Post by CURE-E on Aug 21, 2022 16:55:34 GMT -5
:: The scene fades into CURE-E colorfully contrasted against the black background. He looks down at himself playing with own hands. He only intermittently glances up to the camera. ::
“A new chance to prove myself, and this time, it’s for something. It's not just for bragging rights either. My first triple threat match in a while. My first number one contendership match in a while. Not just against no one either.”
:: He closes his eyes just for a moment before re-opening them with such determination. ::
“Bloodied Fox. That name rings a bell. A bit after my time, but a prime example of the next generation of wrestling. He’s spent his relatively short time in the wrestling scene accomplishing so much. From his accolades within the AWF to his stunt as the XHF Junior Heavyweight Champion, it’s nothing to shake a stick at. He’s the longest reigning champion of all time.
I’m not kissing your ass, Fox. I’m a fair man. When I first entered the ring nearly twenty years ago, I began paying my dues. I still pay my dues, and this was evidence of it. This is an industry that takes. But it also gives too.”
:: CURE-E points to a horizontal scar along his forearm. ::
“Those annihilation complex matches are no joke, heh. But if you don’t believe me, feel free to ask Rob Arnold. I won’t lie. That tough son of a bitch can really put out all the stops.”
: CURE-E forces himself to break from a half-hearted chuckle. ::
“Or better yet, I’ll send you the message on the industry’s behalf. You think this mask is an insurance policy? As reasonable a man as you appear to be, I won’t make vague claims; I’ll make a promise. Within one year, I will unmask and you’ll see just who I am. You’ve been with this company for three or four years. One more won’t kill you. But one match might.
You see, the ring rust is still there. Muscle memory not quite there. I’m not sure what I’m capable of. I could break your arm when I’m just trying to tap you out.”
:: Pause. ::
“And who can forget about Felix? Well, I can. In fact, I have no idea who he is. When I saw the name, I was thinking that the old AWF head needed to pay rent and that he got a job wrestling again, but unless you’ve been on a consistent keto diet, took up some plastic surgery and …somehow got shorter, you two aren’t the same.

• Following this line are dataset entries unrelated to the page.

(* Let $K$ be a convex body in $\mathbb{R}^d$, let $x$ be a regular boundary point of $K$ with exterior normal unit vector $\xi$, and let $U$ be an open neighborhood of the set $-S(K,-\xi)+x$. Then there is an open neighborhood $V$ of $x$ such that for every $t\in\mathbb{R}^d\setminus\Delta(K)$, if $K+t$ intersects $V$ then $t\in U$.
   Context: A convex body is a compact convex set with nonempty interior. A boundary point is regular if $K$ has a unique support hyperplane there; its exterior normal unit vector $\xi$ satisfies $K\subset\{z:\langle z,\xi\rangle\le\langle x,\xi\rangle\}$. For a unit vector $\eta$, $S(K,\eta)=K\cap H(K,\eta)$, where $H(K,\eta)$ is the support hyperplane of $K$ with exterior normal $\eta$ (i.e. $S(K,\eta)$ is the set of maximizers of $\langle\cdot,\eta\rangle$ on $K$). $\Delta(K)=\{y: m(K\cap(K+y))>0\}$, $m$ Lebesgue measure. *)

theory Defs
  imports "HOL-Analysis.Analysis"
begin

definition convex_body :: "'a::euclidean_space set \<Rightarrow> bool" where
  "convex_body K \<longleftrightarrow> compact K \<and> convex K \<and> interior K \<noteq> {}"

definition exterior_unit_normal :: "'a::euclidean_space set \<Rightarrow> 'a \<Rightarrow> 'a \<Rightarrow> bool" where
  "exterior_unit_normal K x xi \<longleftrightarrow> norm xi = 1 \<and> (\<forall>z\<in>K. z \<bullet> xi \<le> x \<bullet> xi)"

definition regular_boundary_point :: "'a::euclidean_space set \<Rightarrow> 'a \<Rightarrow> bool" where
  "regular_boundary_point K x \<longleftrightarrow> x \<in> frontier K \<and> (\<exists>!xi. exterior_unit_normal K x xi)"

definition support_set :: "'a::euclidean_space set \<Rightarrow> 'a \<Rightarrow> 'a set" where
  "support_set K eta = {y \<in> K. \<forall>z\<in>K. z \<bullet> eta \<le> y \<bullet> eta}"

definition Delta :: "'a::euclidean_space set \<Rightarrow> 'a set" where
  "Delta K = {y. emeasure lebesgue (K \<inter> ((\<lambda>z. z + y) ` K)) > 0}"

end

theory Submission
  imports Defs
begin

text \<open>For t \<notin> \<Delta>(K) the bodies K and K + t have disjoint interiors, so some
  hyperplane with unit normal \<eta> separates them. Such "separating translations" form a
  closed set T (the normals range over the compact unit sphere), hence
  A = (T - U) + K is closed. If x = k + t were in A, then x would be a common point of
  K and K + t at which \<eta> is an exterior normal, so \<eta> = \<xi> by regularity, k would
  lie in S(K,-\<xi>), and t = x - k \<in> U. So V = -A is an open neighbourhood of x.\<close>

lemma interior_inter_translation_empty_if_notin_Delta:
  fixes K :: "'a::euclidean_space set"
  assumes "convex K" "closed K" "t \<notin> Delta K"
  shows "interior (K \<inter> (\<lambda>z. z + t) ` K) = {}"
proof -
  have closed_translate: "closed ((\<lambda>z. z + t) ` K)"
    using closed_translation[OF \<open>closed K\<close>, of t] by (simp add: add.commute)
  have convex_translate: "convex ((\<lambda>z. z + t) ` K)"
    using convex_translation[OF \<open>convex K\<close>, of t] by (simp add: add.commute)
  have "K \<inter> (\<lambda>z. z + t) ` K \<in> sets lebesgue"
    using assms(2) closed_translate by (intro sets_completionI_sets sets.Int) (simp_all add: borel_closed)
  moreover have "emeasure lebesgue (K \<inter> (\<lambda>z. z + t) ` K) = 0"
    using \<open>t \<notin> Delta K\<close> by (simp add: Delta_def)
  ultimately have "negligible (K \<inter> (\<lambda>z. z + t) ` K)"
    by (simp add: negligible_iff_emeasure0)
  then show ?thesis
    using negligible_convex_interior convex_Int[OF \<open>convex K\<close> convex_translate] by blast
qed

lemma separating_unit_normal_if_interiors_disjoint:
  fixes K L :: "'a::euclidean_space set"
  assumes "convex K" "closed K" "interior K \<noteq> {}"
    and "convex L" "closed L" "interior L \<noteq> {}"
    and "interior K \<inter> interior L = {}"
  obtains \<eta> where "norm \<eta> = 1" "\<And>z w. z \<in> K \<Longrightarrow> w \<in> L \<Longrightarrow> z \<bullet> \<eta> \<le> w \<bullet> \<eta>"
proof -
  obtain a b where "a \<noteq> 0" and a_le: "\<forall>z\<in>interior K. a \<bullet> z \<le> b"
    and a_ge: "\<forall>w\<in>interior L. b \<le> a \<bullet> w"
    using separating_hyperplane_sets[OF convex_interior convex_interior] assms by metis
  have "closure (interior K) = K" "closure (interior L) = L"
    using assms by (simp_all add: convex_closure_interior closure_closed)
  then have "K \<subseteq> {z. a \<bullet> z \<le> b}" "L \<subseteq> {w. b \<le> a \<bullet> w}"
    using closure_minimal[OF _ closed_halfspace_le] closure_minimal[OF _ closed_halfspace_ge]
      a_le a_ge
    by (metis mem_Collect_eq subsetI)+
  then have "z \<bullet> (a /\<^sub>R norm a) \<le> w \<bullet> (a /\<^sub>R norm a)" if "z \<in> K" "w \<in> L" for z w
    using that \<open>a \<noteq> 0\<close> by (force simp: inner_commute divide_right_mono)
  moreover have "norm (a /\<^sub>R norm a) = 1"
    using \<open>a \<noteq> 0\<close> by simp
  ultimately show thesis
    using that by blast
qed

definition separating_translations :: "'a::euclidean_space set \<Rightarrow> 'a set" where
  "separating_translations K =
     {t. \<exists>\<eta>. norm \<eta> = 1 \<and> (\<forall>z\<in>K. \<forall>w\<in>K. z \<bullet> \<eta> \<le> (w + t) \<bullet> \<eta>)}"

lemma closed_separating_translations: "closed (separating_translations K)"
proof -
  have "{p :: 'a \<times> 'a. \<forall>z\<in>K. \<forall>w\<in>K. z \<bullet> fst p \<le> (w + snd p) \<bullet> fst p}
          = (\<Inter>z\<in>K. \<Inter>w\<in>K. {p. z \<bullet> fst p \<le> (w + snd p) \<bullet> fst p})"
    by auto
  also have "closed \<dots>"
    by (intro closed_INT closed_Collect_le continuous_intros ballI)
  finally have "closed {p :: 'a \<times> 'a. \<forall>z\<in>K. \<forall>w\<in>K. z \<bullet> fst p \<le> (w + snd p) \<bullet> fst p}" .
  then have "closed {t. \<exists>\<eta>. \<eta> \<in> sphere 0 1 \<and>
                 (\<eta>, t) \<in> {p. \<forall>z\<in>K. \<forall>w\<in>K. z \<bullet> fst p \<le> (w + snd p) \<bullet> fst p}}"
    by (intro closed_compact_projection) auto
  then show ?thesis
    by (simp add: separating_translations_def)
qed

lemma separating_translation_if_notin_Delta:
  assumes "convex_body K" "t \<notin> Delta K"
  shows "t \<in> separating_translations K"
proof -
  have K: "convex K" "closed K" "interior K \<noteq> {}"
    using assms(1) by (auto simp: convex_body_def compact_imp_closed)
  have "(\<lambda>z. z + t) ` K = (+) t ` K"
    by (simp add: add.commute)
  then have K_t: "convex ((\<lambda>z. z + t) ` K)" "closed ((\<lambda>z. z + t) ` K)"
    "interior ((\<lambda>z. z + t) ` K) \<noteq> {}"
    using K by (simp_all add: convex_translation closed_translation interior_translation)
  have "interior K \<inter> interior ((\<lambda>z. z + t) ` K) = {}"
    using interior_inter_translation_empty_if_notin_Delta[OF K(1,2) assms(2)]
    by (simp add: interior_Int)
  then obtain \<eta> where "norm \<eta> = 1" "\<And>z w. z \<in> K \<Longrightarrow> w \<in> (\<lambda>z. z + t) ` K \<Longrightarrow> z \<bullet> \<eta> \<le> w \<bullet> \<eta>"
    using separating_unit_normal_if_interiors_disjoint[OF K K_t] by blast
  then show ?thesis
    unfolding separating_translations_def by blast
qed

lemma separating_translation_common_point:
  assumes "norm \<eta> = 1" "\<forall>z\<in>K. \<forall>w\<in>K. z \<bullet> \<eta> \<le> (w + t) \<bullet> \<eta>"
    and "k \<in> K" "k + t \<in> K"
  shows "exterior_unit_normal K (k + t) \<eta>" "k \<in> support_set K (- \<eta>)"
  using assms by (auto simp: exterior_unit_normal_def support_set_def inner_add_left)

theorem lemma4p3:
  fixes K :: "'a::euclidean_space set" and x xi :: 'a and U :: "'a set"
  assumes "convex_body K"
    and "regular_boundary_point K x"
    and "exterior_unit_normal K x xi"
    and "open U"
    and "(\<lambda>s. x - s) ` support_set K (- xi) \<subseteq> U"
  shows "\<exists>V. open V \<and> x \<in> V \<and>
           (\<forall>t. t \<notin> Delta K \<longrightarrow> ((\<lambda>z. z + t) ` K) \<inter> V \<noteq> {} \<longrightarrow> t \<in> U)"
proof -
  have "compact K"
    using assms(1) by (simp add: convex_body_def)
  define A where "A = (\<Union>t \<in> separating_translations K - U. \<Union>k \<in> K. {t + k})"
  have "closed A"
    unfolding A_def using \<open>compact K\<close> \<open>open U\<close>
    by (intro closed_compact_sums closed_Diff closed_separating_translations)
  moreover have "x \<notin> A"
  proof
    assume "x \<in> A"
    then obtain t k \<eta> where "t \<notin> U" "k \<in> K" "x = k + t" "norm \<eta> = 1"
      and separates: "\<forall>z\<in>K. \<forall>w\<in>K. z \<bullet> \<eta> \<le> (w + t) \<bullet> \<eta>"
      by (auto simp: A_def separating_translations_def add.commute)
    moreover have "x \<in> K"
      using assms(1,2) frontier_subset_closed compact_imp_closed
      by (auto simp: convex_body_def regular_boundary_point_def)
    ultimately have "exterior_unit_normal K x \<eta>" "k \<in> support_set K (- \<eta>)"
      using separating_translation_common_point by metis+
    with assms(2,3) have "k \<in> support_set K (- xi)"
      by (metis regular_boundary_point_def)
    then show False
      using assms(5) \<open>t \<notin> U\<close> \<open>x = k + t\<close> by force
  qed
  moreover have "t \<in> U" if "t \<notin> Delta K" "(\<lambda>z. z + t) ` K \<inter> - A \<noteq> {}" for t
    using that separating_translation_if_notin_Delta[OF assms(1)] by (force simp: A_def add.commute)
  ultimately show ?thesis
    by (intro exI[of _ "- A"]) (auto simp: open_Compl)
qed

end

I get it. You’re new here. That’s not your fault. All I know about you is from that one promo you just made. You’re meditating in front of a sunset, arguing with your own darkness. Halfway through, I felt bad watching this weird ninja clown show without paying an entrance fee. I half-expected you to be somehow related to Kira. But hey, maybe you’re just finding your voice. Every legend started their career at some point, and I should probably introduce myself and say, ‘Hello. My name is CURE-E and I’ll be kicking your ass at Collision Course. Welcome.’ After all, I love this industry.”
:: That’s when his expression shifts. ::
“But I’ll tell you what I don’t love. I don’t love when other people interrupt and interfere with my matches. It’s happened twice now and it’s something that boils my fucking blood. So this isn’t just a match. It’s a notice to anyone who sticks their nose where it doesn’t belong. So if I have to beat two people up instead of one, so be it. If I have to cause some serious injury, then that’s what I might have to do. Nothing against you, though. It just comes along with the job. You signed up for this, right? You signed up to be pitted against whichever opponent, in whichever type of match this company set out for you.
I’m tired of having my wins reduced to some deus ex machina coming to give me an win. I’m not going to let my fate be decided. Not by god nor machine.”
:: CURE-E grimaces as he looks at the camera. ::
“And not by Warrior nor Fox.
Welcome to hell. I'll be your tour guide.”
:: CURE-E turns around and walks off camera. The scene ends. ::
“A new chance to prove myself, and this time, it’s for something. It's not just for bragging rights either. My first triple threat match in a while. My first number one contendership match in a while. Not just against no one either.”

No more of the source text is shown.